I was hoping I could ask all you cider gurus out there for some technical advice. I started brewing 2 gallons of cider last week using store bought juice and a pound of corn sugar for some extra fermentatables.

It's been in a 5 gallon primary for a week, which I understood was fine since the CO2 produced by the yeast would displace any oxygen as the fermentation kicked up.

I went to my lhbs today with intent to buy a 2 gallon fermenter, but all they had were 3 gallon size. I know I don't want a gallon of headspace inside my secondary, so I'm thinking the solution is to simply turn my 2 gallon batch into a 3 gallon batch by adding more juice.

Herein lies the question: would it be better to add the additional gallon of apple juice (plus some additional corn sugar) to the 3 gallon secondary, and rack the 2 gallons in the primary on top of that, or would I be better off simply adding the extra gallon to the primary fermenter and waiting for the last gallon to ferment before racking to a secondary?
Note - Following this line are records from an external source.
(* Let $A$ and $B$ be square $\mathbb{N}$-matrices. Then $A$ and $B$ are unitally shift equivalent if and only if their unital dimension data $(G_A,G_A^+,\theta_A,u_A)$ and $(G_B,G_B^+,\theta_B,u_B)$ are isomorphic, i.e. there is a group isomorphism $\Theta\colon G_A\to G_B$ with $\Theta(G_A^+)=G_B^+$, $\Theta\circ\theta_A=\theta_B\circ\Theta$ and $\Theta(u_A)=u_B$.
   Context: $\mathbb{N}=\{0,1,2,\dots\}$. For a square $\mathbb{N}$-matrix $A$ of size $|A|$, the dimension group is $G_A=(\mathbb{Z}^{|A|}\times\mathbb{N})/\sim$, where $(v,k)\sim(v',k')$ iff there is $l\in\mathbb{N}$ (with $l\ge k,k'$) such that $(A^t)^{l-k}v=(A^t)^{l-k'}v'$; write $[v,k]$ for classes. It is the inductive limit of $\mathbb{Z}^{|A|}\xrightarrow{A^t}\mathbb{Z}^{|A|}\xrightarrow{A^t}\cdots$. The positive cone is $G_A^+=\{[v,k]: v\in\mathbb{N}^{|A|}\}$, $\theta_A$ is the automorphism induced by multiplication by $A^t$, and $u_A=[\underline1,0]$ where $\underline1$ is the all-ones column vector. Two square $\mathbb{N}$-matrices $A,B$ are shift equivalent if there are an integer $\ell\ge1$ and rectangular $\mathbb{N}$-matrices $R,S$ with $A^\ell=RS$, $B^\ell=SR$, $AR=RB$, $BS=SA$. Such a shift equivalence $(R,S)$ is unital if there are $m,k\in\mathbb{N}$ with $(B^t)^mR^t\underline{1}=(B^t)^{m+k}\underline{1}$ (equivalently, the induced map $\hat R\colon G_A\to G_B$, $\hat R[v,k]=[R^tv,k]$, satisfies $\hat R(u_A)=\theta_B^k(u_B)$ for some $k\in\mathbb{N}$). $A$ and $B$ are unitally shift equivalent if a unital shift equivalence from $A$ to $B$ exists. *)

theory Defs
  imports "Jordan_Normal_Form.Matrix" "HOL-Algebra.Group"
begin

definition At :: "nat mat \<Rightarrow> int mat" where
  "At A = transpose_mat (map_mat int A)"

definition one_vec :: "nat \<Rightarrow> 'a::one vec" where
  "one_vec n = vec n (\<lambda>_. 1)"

definition dg_rel :: "nat mat \<Rightarrow> ((int vec \<times> nat) \<times> (int vec \<times> nat)) set" where
  "dg_rel A = {((v,k),(v',k')). v \<in> carrier_vec (dim_row A) \<and> v' \<in> carrier_vec (dim_row A) \<and>
      (\<exists>l. l \<ge> k \<and> l \<ge> k' \<and> (At A ^\<^sub>m (l - k)) *\<^sub>v v = (At A ^\<^sub>m (l - k')) *\<^sub>v v')}"

definition dg_class :: "nat mat \<Rightarrow> int vec \<Rightarrow> nat \<Rightarrow> (int vec \<times> nat) set" where
  "dg_class A v k = dg_rel A `` {(v,k)}"

definition dg_carrier :: "nat mat \<Rightarrow> (int vec \<times> nat) set set" where
  "dg_carrier A = {dg_class A v k | v k. v \<in> carrier_vec (dim_row A)}"

definition dg_add :: "nat mat \<Rightarrow> (int vec \<times> nat) set \<Rightarrow> (int vec \<times> nat) set \<Rightarrow> (int vec \<times> nat) set" where
  "dg_add A X Y = dg_rel A `` {((At A ^\<^sub>m k') *\<^sub>v v + (At A ^\<^sub>m k) *\<^sub>v v', k + k') | v k v' k'.
       (v,k) \<in> X \<and> (v',k') \<in> Y}"

definition dim_group :: "nat mat \<Rightarrow> (int vec \<times> nat) set monoid" where
  "dim_group A = \<lparr>carrier = dg_carrier A, mult = dg_add A,
      one = dg_class A (0\<^sub>v (dim_row A)) 0\<rparr>"

definition dg_pos :: "nat mat \<Rightarrow> (int vec \<times> nat) set set" where
  "dg_pos A = {dg_class A v k | v k. v \<in> carrier_vec (dim_row A) \<and> (\<forall>i < dim_row A. v $ i \<ge> 0)}"

definition dg_theta :: "nat mat \<Rightarrow> (int vec \<times> nat) set \<Rightarrow> (int vec \<times> nat) set" where
  "dg_theta A X = dg_rel A `` {(At A *\<^sub>v v, k) | v k. (v,k) \<in> X}"

definition dg_unit :: "nat mat \<Rightarrow> (int vec \<times> nat) set" where
  "dg_unit A = dg_class A (one_vec (dim_row A)) 0"

definition shift_equiv_via :: "nat mat \<Rightarrow> nat mat \<Rightarrow> nat \<Rightarrow> nat mat \<Rightarrow> nat mat \<Rightarrow> bool" where
  "shift_equiv_via A B l R S \<longleftrightarrow> l \<ge> 1 \<and>
     R \<in> carrier_mat (dim_row A) (dim_row B) \<and> S \<in> carrier_mat (dim_row B) (dim_row A) \<and>
     A ^\<^sub>m l = R * S \<and> B ^\<^sub>m l = S * R \<and> A * R = R * B \<and> B * S = S * A"

definition unital_SE :: "nat mat \<Rightarrow> nat mat \<Rightarrow> nat mat \<Rightarrow> bool" where
  "unital_SE A B R \<longleftrightarrow> (\<exists>m k. (transpose_mat B ^\<^sub>m m) *\<^sub>v (transpose_mat R *\<^sub>v one_vec (dim_row A))
      = (transpose_mat B ^\<^sub>m (m + k)) *\<^sub>v one_vec (dim_row B))"

definition unitally_shift_equivalent :: "nat mat \<Rightarrow> nat mat \<Rightarrow> bool" where
  "unitally_shift_equivalent A B \<longleftrightarrow>
     (\<exists>l R S. shift_equiv_via A B l R S \<and> unital_SE A B R)"

end

(* A shift equivalence (R, S) of lag l induces [v,k] |-> [R^t v, k], which commutes with theta
   and maps the positive cone onto the positive cone; composed in either order with the map
   induced by S it is theta^l, so it is bijective. Unitality says exactly that it sends u_A to
   theta_B^k u_B, so following it by theta_B^-k gives an isomorphism of unital dimension data.

   Conversely, an isomorphism Theta of unital dimension data sends every generator [e_i, 0] to
   a positive class. At a common level K these classes are represented by N-vectors, the rows
   of an N-matrix R; since Theta is additive and commutes with theta, Theta [v, j] = [R^t v, j + K]
   for all v and j, and replacing R by R B^P makes A R = R B hold exactly. Doing the same for
   the inverse of Theta yields S, and composing the two normal forms shows
   (A^t)^Q S^t R^t = (A^t)^(Q + K') for all large Q. Then (R, S A^Q) is a shift equivalence of
   lag Q + K', and it is unital because Theta u_A = u_B. *)

theory Submission
  imports Defs
begin

interpretation of_nat_int: inj_semiring_hom "of_nat :: nat \<Rightarrow> int"
  by unfold_locales auto

lemma Image_eq_equiv_class:
  assumes "equiv E r" "x \<in> S" "S \<subseteq> r `` {x}"
  shows "r `` S = r `` {x}"
proof -
  have "r `` {y} = r `` {x}" if "y \<in> S" for y
    using assms that by (metis Image_singleton_iff equiv_class_eq subsetD)
  then show ?thesis using assms(2) by blast
qed

lemma funpow_intertwine:
  assumes "f ` S \<subseteq> S" and "\<And>x. x \<in> S \<Longrightarrow> h (f x) = g (h x)" and "x \<in> S"
  shows "h ((f ^^ j) x) = (g ^^ j) (h x)"
proof -
  have "(f ^^ j) x \<in> S \<and> h ((f ^^ j) x) = (g ^^ j) (h x)"
    by (induction j) (use assms in auto)
  then show ?thesis ..
qed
I imagine the latter option would run the greater risk of oxygenation, but I could be wrong.

Also, since I have your attention, how long ought I have my cider in tr secondary anyhow? I've read it's mostly to clear it up and let gunk settle out of solution, but I worry that since I keep my carboys in the basement, that I will shake up the cider on the way up, thus rendering my secondary for nought.
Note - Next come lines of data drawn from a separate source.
lemma compatible_facesI:
  assumes X: "is_sset X" and FL: "face_family X n P FL"
    and common: "\<forall>(G, y)\<in>set FL. \<forall>(H, z)\<in>set FL. filter (\<lambda>v. v \<in> set H) G \<noteq> [] \<longrightarrow>
      face_act X G y (face_dim (filter (\<lambda>v. v \<in> set H) G)) (filter (\<lambda>v. v \<in> set H) G)
    = face_act X H z (face_dim (filter (\<lambda>v. v \<in> set H) G)) (filter (\<lambda>v. v \<in> set H) G)"
  shows "compatible_faces X n FL"
  unfolding compatible_faces_def
proof (intro ballI allI impI, clarify)
  fix G y H z m xs
  assume G: "(G, y) \<in> set FL" and H: "(H, z) \<in> set FL"
    and xs: "vertex_list xs m n" "set xs \<subseteq> set G" "set xs \<subseteq> set H"
  define C where "C = filter (\<lambda>v. v \<in> set H) G"
  have G': "sorted_wrt (<) G" "G \<noteq> []" "set G \<subseteq> {..n}" "y \<in> simp X (face_dim G)"
    using face_familyD[OF FL G] by auto
  have H': "sorted_wrt (<) H" "H \<noteq> []" "set H \<subseteq> {..n}" "z \<in> simp X (face_dim H)"
    using face_familyD[OF FL H] by auto
  have C_set: "set C = set G \<inter> set H" unfolding C_def by auto
  have "xs \<noteq> []" using xs(1) by (auto simp: vertex_list_def)
  then have C_ne: "C \<noteq> []" using C_set xs(2,3) by (cases xs) auto
  have C_sorted: "sorted_wrt (<) C" unfolding C_def by (rule sorted_wrt_filter[OF G'(1)])
  have xs_C: "set xs \<subseteq> set C" using C_set xs by auto
  have "face_act X G y m xs = face_act X C (face_act X G y (face_dim C) C) m xs"
    by (rule face_act_restrict[OF X G'(1,3) C_sorted C_ne _ G'(4) xs(1) xs_C]) (simp add: C_set)
  also have "face_act X G y (face_dim C) C = face_act X H z (face_dim C) C"
    using common G H C_ne unfolding C_def by fastforce
  also have "face_act X C (face_act X H z (face_dim C) C) m xs = face_act X H z m xs"
    by (rule face_act_restrict[symmetric, OF X H'(1,3) C_sorted C_ne _ H'(4) xs(1) xs_C]) (simp add: C_set)
  finally show "face_act X G y m xs = face_act X H z m xs" .
qed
Looking forward to your tips and tricks!

Cheers!
 
Yes, secondary is a 'conditioning' period, so don't expect a gravity drop. Cider really needs time for flavors to set, especially with dry yeast like lavlin or nottingham. I'm probly more extreme then others but for a 5 gallon cider batch I usually do...

5 weeks primary
5 weeks secondary
4+ weeks bottle/keg

Goodluck!
 
Depends what you're trying to accomplish. If you dump it into primary, you will stir things up a bit.... I highly doubt (let the flaming begin) you'll ever taste oxidized flavors from doing this, especially with a 3 gallon batch that will likely be consumed within a couple months.
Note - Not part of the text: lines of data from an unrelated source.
lemma hist_glue_inv_Dis:
  assumes "finite \<gamma>" "wf_interactions n B \<gamma>" "\<forall>x\<in>\<Union>\<gamma>. min_sep (B (fst x)) (snd x) (k x)"
    and "hist_glue_inv n B \<gamma> k (L, V)" "step (compose n B \<gamma>) (L, V) (Dis \<alpha>) (L', V')"
  shows "hist_glue_inv n B \<gamma> k (L', V')"
proof -
  obtain h0 ha hg where nonneg: "0 \<le> h0" "\<forall>x. 0 \<le> ha x" "\<forall>\<alpha>\<in>\<gamma>. 0 \<le> hg \<alpha>"
    and cons: "\<forall>i<n. hist_consistent (B i) {a. (i, a) \<in> \<Union>\<gamma>} (\<lambda>a. k (i, a)) (L i, hview V h0 ha i)"
    and glue: "Estar \<gamma> ha hg" "Sep \<gamma> k hg"
    using assms(4) unfolding hist_glue_inv_def by auto
  have "\<alpha> \<in> \<gamma>"
    using assms(5) by (rule compose_step_DisE)
  then have in_range: "i < n" if "(i, a) \<in> \<alpha>" for i a
    using assms(2) that unfolding wf_interactions_def by blast
  define ha' where "ha' x = (if x \<in> \<alpha> then 0 else ha x)" for x
  have "k x \<le> ha x" if "x \<in> \<alpha>" for x
  proof -
    obtain i a where x: "x = (i, a)"
      by fastforce
    have "(i, a) \<in> \<Union>\<gamma>"
      using \<open>\<alpha> \<in> \<gamma>\<close> that x by blast
    then have "a \<in> {a. (i, a) \<in> \<Union>\<gamma>}" "min_sep (B i) a (k (i, a))"
      using assms(3)[rule_format, of "(i, a)"] by auto
    moreover have "hist_consistent (B i) {a. (i, a) \<in> \<Union>\<gamma>} (\<lambda>a. k (i, a)) (L i, hview V h0 ha i)"
      using cons in_range that x by blast
    moreover have "step (hist (B i)) (L i, hview V h0 ha i) (Dis a) (L' i, hview V' h0 ha' i)"
      unfolding ha'_def using compose_step_Dis_active[OF assms(5)] in_range that x by blast
    ultimately show ?thesis
      using hist_consistent_le_HA[where k = "\<lambda>a. k (i, a)"] x by (fastforce simp: hview_def)
  qed
  then have glue': "Estar \<gamma> ha' (hg(\<alpha> := 0))" "Sep \<gamma> k (hg(\<alpha> := 0))"
    unfolding ha'_def using Estar_reset[OF assms(1) \<open>\<alpha> \<in> \<gamma>\<close> nonneg(3) glue(1)]
      Sep_reset[OF assms(1) glue(1) _ glue(2)] by auto
  have "hist_consistent (B i) {a. (i, a) \<in> \<Union>\<gamma>} (\<lambda>a. k (i, a)) (L' i, hview V' h0 ha' i)"
    if "i < n" for i
  proof (cases "\<exists>a. (i, a) \<in> \<alpha>")
    case True
    then show ?thesis
      unfolding ha'_def using cons that compose_step_Dis_active[OF assms(5)]
      by (blast intro: hist_consistent_step)
  next
    case False
    then show ?thesis
      unfolding ha'_def using cons that compose_step_Dis_idle[OF assms(5)] by auto
  qed
  then show ?thesis
    unfolding hist_glue_inv_def fst_conv snd_conv
    using nonneg glue' by (intro exI[of _ h0] exI[of _ ha'] exI[of _ "hg(\<alpha> := 0)"]) (auto simp: ha'_def)
qed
The alternative would be, as you said, rack it over new juice and sugar. This will start a new fermentation period that you will need to allow to run it's course before bottling. It will also create a new layer of trub and "junk" that will need to settle.

I'm not a big believer in using secondary strictly for clearing, but some are. Personal preference if you choose to rack off the new trub.

You could always just add a little bit of fermentables to the secondary to create a new CO2 blanket as well.
 
Adding the last gallon after racking is just making more work for yourself, since you're going to have to rack off the less again after the gravity drops back down.

As someone who like to clear cider in secondary, and then carry the carboy up from the basement, it's true that some of the sediment gets stirred up, but if you're careful it's not significant. Just plan ahead, and carry the carboy up an hour before you plan to rack, allowing the solids to settle back down again.
 
Great, thanks!

I decided to just add the additional gallon of juice and a little extra corn sugar to the primary fermenter, and I'll let it do it's thing for another week or so before I rack to a secondary for clearing.